For the data below, say how many lines contain "thesis". Only the number should be given.

## RECORD EXTRACTS:
= Beginning of Section =

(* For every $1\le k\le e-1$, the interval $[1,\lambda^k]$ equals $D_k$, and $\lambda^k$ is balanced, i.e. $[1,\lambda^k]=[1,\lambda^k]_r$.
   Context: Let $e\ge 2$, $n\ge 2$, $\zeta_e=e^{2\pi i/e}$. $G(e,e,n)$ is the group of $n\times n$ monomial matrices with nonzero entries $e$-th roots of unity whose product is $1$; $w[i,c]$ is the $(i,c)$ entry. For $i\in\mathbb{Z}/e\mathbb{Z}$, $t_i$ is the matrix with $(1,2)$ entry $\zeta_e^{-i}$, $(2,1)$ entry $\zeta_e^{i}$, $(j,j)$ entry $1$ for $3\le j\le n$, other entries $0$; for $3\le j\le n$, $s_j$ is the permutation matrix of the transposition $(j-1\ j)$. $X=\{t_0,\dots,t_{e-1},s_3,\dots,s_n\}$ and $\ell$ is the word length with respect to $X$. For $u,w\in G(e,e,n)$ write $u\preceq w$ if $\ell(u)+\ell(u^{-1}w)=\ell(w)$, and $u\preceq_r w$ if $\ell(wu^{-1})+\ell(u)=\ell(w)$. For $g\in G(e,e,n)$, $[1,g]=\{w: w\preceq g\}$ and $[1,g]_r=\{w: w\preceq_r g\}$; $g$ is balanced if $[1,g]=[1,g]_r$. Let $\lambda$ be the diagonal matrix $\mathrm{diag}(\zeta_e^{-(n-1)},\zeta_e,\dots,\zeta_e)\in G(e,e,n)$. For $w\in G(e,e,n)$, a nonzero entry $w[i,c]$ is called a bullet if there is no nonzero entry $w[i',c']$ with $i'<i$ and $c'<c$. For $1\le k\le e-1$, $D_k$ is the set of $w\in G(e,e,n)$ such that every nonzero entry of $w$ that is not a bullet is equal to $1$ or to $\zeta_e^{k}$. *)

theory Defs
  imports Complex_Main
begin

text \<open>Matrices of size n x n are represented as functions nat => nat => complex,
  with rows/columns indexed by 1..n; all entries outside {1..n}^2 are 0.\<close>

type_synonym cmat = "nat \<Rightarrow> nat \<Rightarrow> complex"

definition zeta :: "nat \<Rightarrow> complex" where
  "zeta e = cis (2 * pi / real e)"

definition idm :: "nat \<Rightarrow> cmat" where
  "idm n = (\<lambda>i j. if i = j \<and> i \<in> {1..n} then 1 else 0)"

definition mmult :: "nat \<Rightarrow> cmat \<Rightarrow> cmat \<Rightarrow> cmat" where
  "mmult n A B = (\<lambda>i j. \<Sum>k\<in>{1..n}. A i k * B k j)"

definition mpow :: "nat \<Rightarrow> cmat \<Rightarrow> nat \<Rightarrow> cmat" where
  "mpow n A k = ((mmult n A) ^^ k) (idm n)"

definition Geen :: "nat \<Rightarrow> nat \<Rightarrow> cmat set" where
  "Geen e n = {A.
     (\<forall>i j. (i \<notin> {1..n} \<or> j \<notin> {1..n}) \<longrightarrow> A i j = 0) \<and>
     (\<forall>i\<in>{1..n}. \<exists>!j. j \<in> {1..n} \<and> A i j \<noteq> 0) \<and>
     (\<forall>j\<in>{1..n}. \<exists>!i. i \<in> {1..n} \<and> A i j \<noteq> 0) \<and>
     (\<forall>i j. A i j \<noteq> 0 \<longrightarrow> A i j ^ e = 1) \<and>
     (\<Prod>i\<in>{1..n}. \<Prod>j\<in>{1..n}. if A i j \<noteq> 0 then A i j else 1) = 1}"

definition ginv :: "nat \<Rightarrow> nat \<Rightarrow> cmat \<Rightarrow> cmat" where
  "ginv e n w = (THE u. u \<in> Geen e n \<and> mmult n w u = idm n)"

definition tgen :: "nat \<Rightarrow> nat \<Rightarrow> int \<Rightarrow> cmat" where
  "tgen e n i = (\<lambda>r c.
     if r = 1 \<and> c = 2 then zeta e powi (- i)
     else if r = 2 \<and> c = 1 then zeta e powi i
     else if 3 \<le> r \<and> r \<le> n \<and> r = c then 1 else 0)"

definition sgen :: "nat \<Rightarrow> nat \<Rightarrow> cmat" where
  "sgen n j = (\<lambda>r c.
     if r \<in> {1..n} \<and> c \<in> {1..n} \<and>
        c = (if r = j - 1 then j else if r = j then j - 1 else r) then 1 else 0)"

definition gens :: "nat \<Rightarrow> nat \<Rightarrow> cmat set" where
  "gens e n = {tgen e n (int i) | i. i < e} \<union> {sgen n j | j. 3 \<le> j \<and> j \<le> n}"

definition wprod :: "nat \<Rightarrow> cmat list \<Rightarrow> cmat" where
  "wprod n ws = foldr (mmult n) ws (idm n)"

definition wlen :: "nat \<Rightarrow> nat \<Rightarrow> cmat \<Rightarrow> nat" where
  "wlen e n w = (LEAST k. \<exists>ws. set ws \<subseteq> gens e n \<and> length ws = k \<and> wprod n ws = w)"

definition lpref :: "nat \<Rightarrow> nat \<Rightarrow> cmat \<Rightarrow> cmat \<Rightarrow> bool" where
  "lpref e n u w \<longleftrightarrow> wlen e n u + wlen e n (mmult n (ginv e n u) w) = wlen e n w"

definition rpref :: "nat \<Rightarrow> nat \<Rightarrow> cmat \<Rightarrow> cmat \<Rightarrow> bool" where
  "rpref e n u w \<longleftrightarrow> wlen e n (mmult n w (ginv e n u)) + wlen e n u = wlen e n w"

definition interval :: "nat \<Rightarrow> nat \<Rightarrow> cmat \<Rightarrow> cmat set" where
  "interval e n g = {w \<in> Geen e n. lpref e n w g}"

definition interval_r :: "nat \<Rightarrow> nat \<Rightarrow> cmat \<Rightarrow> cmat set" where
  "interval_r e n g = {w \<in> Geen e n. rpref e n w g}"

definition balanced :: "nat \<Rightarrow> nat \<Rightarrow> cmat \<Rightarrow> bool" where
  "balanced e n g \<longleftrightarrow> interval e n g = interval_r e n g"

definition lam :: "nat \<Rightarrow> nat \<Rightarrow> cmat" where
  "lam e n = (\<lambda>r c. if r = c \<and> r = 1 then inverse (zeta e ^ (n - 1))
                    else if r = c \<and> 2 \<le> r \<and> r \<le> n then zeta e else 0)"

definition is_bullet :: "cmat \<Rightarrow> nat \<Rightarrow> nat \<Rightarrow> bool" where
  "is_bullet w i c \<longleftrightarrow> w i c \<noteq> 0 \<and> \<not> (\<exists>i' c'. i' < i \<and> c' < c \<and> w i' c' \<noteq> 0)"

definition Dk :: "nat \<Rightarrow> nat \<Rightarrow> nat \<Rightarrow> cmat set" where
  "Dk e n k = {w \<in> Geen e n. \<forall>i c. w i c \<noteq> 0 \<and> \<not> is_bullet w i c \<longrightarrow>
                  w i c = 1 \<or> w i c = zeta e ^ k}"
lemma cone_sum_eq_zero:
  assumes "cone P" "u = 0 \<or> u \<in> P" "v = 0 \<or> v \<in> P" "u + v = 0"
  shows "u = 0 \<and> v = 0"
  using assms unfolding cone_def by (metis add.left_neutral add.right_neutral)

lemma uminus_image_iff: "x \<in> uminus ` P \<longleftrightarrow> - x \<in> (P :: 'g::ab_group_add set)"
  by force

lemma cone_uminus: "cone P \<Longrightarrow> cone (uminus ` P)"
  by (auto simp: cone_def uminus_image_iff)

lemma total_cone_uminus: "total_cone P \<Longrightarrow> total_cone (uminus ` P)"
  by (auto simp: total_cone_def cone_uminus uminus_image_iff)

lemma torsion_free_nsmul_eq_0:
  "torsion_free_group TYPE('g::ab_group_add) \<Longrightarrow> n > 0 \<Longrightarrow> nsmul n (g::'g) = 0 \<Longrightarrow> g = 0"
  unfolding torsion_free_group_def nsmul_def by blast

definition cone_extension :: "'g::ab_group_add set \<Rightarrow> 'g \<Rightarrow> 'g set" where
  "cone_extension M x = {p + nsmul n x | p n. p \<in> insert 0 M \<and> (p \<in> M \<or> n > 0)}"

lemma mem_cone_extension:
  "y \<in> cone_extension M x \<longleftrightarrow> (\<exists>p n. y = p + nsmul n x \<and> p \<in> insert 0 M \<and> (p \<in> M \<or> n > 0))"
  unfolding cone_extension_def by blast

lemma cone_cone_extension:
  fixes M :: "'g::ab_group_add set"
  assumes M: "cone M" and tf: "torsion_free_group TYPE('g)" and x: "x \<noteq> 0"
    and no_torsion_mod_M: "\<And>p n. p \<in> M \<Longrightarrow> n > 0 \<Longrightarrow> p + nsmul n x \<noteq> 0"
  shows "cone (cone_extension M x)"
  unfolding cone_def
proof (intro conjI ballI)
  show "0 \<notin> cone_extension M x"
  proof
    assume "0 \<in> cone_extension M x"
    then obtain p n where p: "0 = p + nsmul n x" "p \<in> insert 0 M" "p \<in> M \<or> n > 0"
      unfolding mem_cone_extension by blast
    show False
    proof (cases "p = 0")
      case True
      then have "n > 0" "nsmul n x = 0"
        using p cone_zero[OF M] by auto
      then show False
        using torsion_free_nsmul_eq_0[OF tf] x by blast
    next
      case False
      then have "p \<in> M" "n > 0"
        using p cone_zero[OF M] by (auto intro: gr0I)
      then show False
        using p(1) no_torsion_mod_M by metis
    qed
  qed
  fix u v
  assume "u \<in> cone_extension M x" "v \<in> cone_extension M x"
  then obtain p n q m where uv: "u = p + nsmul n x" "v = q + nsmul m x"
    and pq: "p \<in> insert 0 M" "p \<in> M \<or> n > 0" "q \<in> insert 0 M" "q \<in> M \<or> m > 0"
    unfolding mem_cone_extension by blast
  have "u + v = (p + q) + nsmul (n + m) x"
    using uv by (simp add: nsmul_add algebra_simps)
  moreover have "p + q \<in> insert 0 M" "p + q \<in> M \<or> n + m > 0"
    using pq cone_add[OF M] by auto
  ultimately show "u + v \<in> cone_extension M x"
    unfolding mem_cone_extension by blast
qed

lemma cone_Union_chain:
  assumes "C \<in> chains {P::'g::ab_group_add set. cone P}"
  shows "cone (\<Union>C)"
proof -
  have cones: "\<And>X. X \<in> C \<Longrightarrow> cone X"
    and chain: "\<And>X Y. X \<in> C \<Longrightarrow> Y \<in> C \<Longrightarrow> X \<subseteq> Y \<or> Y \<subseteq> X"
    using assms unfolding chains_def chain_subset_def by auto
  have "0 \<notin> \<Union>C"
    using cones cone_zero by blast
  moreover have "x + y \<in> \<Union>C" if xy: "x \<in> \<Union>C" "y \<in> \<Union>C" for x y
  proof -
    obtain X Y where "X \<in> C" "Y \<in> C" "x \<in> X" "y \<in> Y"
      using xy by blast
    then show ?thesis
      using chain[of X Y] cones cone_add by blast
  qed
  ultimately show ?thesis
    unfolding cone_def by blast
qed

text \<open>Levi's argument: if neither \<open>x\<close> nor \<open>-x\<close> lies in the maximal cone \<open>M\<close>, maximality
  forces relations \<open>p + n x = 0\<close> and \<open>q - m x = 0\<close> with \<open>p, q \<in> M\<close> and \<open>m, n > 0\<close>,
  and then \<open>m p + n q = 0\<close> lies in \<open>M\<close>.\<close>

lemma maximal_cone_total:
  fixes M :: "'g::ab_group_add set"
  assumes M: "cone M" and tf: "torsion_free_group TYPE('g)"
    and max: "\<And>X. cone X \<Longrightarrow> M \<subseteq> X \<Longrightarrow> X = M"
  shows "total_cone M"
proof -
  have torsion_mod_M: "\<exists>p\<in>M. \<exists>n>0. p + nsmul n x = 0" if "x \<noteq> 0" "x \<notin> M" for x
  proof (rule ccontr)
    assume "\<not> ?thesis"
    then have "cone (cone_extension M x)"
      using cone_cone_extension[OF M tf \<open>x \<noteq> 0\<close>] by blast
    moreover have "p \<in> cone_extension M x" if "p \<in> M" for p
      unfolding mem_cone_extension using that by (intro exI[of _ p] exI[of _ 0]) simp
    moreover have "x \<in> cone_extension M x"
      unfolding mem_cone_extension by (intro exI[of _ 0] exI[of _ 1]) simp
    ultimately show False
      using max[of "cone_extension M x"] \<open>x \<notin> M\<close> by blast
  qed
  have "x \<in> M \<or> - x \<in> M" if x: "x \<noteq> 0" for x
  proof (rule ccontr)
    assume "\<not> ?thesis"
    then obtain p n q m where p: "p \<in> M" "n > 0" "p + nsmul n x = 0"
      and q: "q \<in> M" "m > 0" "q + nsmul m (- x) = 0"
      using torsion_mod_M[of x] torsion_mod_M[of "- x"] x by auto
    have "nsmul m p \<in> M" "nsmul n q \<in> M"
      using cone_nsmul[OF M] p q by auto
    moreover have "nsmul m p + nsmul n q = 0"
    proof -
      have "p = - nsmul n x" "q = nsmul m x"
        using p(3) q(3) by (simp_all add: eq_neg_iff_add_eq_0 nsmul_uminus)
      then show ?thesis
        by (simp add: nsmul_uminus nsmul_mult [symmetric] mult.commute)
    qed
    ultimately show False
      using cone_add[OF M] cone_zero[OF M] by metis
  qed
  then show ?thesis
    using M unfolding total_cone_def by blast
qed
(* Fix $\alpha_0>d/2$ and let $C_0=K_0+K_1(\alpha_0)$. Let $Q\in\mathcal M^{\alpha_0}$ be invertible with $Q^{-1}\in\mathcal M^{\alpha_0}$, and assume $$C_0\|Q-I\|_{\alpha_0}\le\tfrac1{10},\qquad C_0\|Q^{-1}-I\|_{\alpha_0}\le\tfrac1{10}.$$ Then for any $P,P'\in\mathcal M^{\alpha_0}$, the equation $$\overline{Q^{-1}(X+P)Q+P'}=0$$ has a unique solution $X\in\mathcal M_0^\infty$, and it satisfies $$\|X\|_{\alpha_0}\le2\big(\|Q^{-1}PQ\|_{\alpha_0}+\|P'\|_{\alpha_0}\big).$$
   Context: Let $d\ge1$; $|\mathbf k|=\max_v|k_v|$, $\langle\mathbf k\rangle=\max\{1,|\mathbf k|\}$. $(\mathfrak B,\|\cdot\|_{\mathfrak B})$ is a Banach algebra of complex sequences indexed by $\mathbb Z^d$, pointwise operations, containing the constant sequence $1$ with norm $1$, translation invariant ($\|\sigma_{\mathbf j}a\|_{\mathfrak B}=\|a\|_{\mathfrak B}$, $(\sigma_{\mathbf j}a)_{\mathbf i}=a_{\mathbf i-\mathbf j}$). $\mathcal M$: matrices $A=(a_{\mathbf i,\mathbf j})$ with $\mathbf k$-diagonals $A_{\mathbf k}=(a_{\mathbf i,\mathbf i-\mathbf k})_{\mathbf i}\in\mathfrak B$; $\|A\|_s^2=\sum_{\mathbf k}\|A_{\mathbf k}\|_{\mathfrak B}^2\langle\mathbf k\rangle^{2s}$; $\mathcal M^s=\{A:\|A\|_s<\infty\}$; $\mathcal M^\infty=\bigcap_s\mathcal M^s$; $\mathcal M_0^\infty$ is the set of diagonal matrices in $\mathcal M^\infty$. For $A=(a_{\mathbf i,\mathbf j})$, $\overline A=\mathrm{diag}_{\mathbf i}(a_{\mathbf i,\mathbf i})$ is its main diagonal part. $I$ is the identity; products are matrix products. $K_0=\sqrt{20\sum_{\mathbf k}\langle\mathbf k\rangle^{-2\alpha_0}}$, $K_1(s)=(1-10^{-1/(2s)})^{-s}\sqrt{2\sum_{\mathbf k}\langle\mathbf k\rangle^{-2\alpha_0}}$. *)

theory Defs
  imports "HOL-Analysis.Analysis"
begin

= End of Section =

## SOLVED EXERCISE:
6